_Records_

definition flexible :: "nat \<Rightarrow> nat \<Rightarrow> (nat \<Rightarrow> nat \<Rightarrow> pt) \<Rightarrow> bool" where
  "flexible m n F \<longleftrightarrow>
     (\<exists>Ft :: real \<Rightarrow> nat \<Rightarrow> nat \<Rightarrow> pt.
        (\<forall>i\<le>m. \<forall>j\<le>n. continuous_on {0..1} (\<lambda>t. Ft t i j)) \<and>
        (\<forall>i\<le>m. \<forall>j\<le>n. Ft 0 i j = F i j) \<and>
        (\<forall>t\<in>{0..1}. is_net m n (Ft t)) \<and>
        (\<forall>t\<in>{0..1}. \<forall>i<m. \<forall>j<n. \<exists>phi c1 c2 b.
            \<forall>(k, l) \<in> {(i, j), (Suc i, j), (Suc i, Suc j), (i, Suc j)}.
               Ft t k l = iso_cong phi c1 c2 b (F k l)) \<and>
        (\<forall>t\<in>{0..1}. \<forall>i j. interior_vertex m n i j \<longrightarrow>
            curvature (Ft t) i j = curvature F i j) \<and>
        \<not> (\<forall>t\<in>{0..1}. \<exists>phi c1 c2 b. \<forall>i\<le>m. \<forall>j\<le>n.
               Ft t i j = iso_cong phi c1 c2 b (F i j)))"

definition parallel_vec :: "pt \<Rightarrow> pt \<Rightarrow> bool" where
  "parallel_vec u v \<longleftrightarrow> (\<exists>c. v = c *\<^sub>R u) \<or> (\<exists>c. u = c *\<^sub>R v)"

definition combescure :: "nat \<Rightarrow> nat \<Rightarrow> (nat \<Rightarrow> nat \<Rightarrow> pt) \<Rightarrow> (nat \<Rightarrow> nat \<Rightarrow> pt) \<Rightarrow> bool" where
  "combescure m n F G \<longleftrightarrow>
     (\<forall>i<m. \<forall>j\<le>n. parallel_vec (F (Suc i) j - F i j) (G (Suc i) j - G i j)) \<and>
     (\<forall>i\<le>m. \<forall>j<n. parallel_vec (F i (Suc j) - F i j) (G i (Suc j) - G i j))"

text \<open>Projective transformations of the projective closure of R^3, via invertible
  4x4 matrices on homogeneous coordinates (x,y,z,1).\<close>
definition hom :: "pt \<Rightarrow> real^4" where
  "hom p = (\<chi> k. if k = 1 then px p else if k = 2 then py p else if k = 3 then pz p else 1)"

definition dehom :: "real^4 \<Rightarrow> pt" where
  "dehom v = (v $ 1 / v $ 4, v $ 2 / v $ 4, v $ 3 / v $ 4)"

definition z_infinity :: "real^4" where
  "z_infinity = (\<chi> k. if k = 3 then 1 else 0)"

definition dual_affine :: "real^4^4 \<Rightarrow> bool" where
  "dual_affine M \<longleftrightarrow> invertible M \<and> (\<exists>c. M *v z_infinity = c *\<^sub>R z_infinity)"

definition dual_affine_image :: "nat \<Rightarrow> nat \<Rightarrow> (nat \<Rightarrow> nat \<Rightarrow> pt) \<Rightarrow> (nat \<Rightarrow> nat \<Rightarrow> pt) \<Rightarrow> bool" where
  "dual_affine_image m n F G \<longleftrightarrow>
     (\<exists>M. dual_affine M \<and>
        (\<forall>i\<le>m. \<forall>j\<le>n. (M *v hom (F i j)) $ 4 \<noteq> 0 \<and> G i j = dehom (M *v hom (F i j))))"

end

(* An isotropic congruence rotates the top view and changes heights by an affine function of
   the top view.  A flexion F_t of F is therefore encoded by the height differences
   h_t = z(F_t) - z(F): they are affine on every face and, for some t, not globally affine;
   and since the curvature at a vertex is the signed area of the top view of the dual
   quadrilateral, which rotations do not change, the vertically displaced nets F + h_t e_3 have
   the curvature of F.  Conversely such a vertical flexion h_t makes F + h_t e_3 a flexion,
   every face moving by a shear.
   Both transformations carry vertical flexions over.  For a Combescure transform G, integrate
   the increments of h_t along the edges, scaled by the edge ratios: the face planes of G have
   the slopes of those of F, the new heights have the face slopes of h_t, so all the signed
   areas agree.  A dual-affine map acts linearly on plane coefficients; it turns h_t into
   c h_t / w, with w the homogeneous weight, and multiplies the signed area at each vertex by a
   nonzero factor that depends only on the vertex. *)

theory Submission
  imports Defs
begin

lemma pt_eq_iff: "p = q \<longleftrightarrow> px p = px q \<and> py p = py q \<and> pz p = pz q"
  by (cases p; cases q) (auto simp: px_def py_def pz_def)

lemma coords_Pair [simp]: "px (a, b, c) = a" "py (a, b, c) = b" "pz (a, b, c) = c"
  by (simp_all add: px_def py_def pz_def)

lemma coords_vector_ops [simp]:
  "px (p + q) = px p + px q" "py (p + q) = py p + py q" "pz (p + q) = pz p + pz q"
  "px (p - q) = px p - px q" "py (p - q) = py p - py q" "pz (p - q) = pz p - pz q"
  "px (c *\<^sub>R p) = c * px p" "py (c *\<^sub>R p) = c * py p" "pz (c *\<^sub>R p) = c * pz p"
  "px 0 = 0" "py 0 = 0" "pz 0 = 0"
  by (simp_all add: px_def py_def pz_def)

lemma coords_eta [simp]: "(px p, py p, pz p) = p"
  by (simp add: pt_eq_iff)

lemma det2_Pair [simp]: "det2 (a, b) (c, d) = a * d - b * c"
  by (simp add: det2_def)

_Task details_
Your answer should consist of the lines from the line with "M \<longleftrightarrow> invertible" to the line with "(\<exists>M. dual_affine M \<and>" above, repeated exactly, both ends included.

_Response to this task_
  "dual_affine M \<longleftrightarrow> invertible M \<and> (\<exists>c. M *v z_infinity = c *\<^sub>R z_infinity)"

definition dual_affine_image :: "nat \<Rightarrow> nat \<Rightarrow> (nat \<Rightarrow> nat \<Rightarrow> pt) \<Rightarrow> (nat \<Rightarrow> nat \<Rightarrow> pt) \<Rightarrow> bool" where
  "dual_affine_image m n F G \<longleftrightarrow>
     (\<exists>M. dual_affine M \<and>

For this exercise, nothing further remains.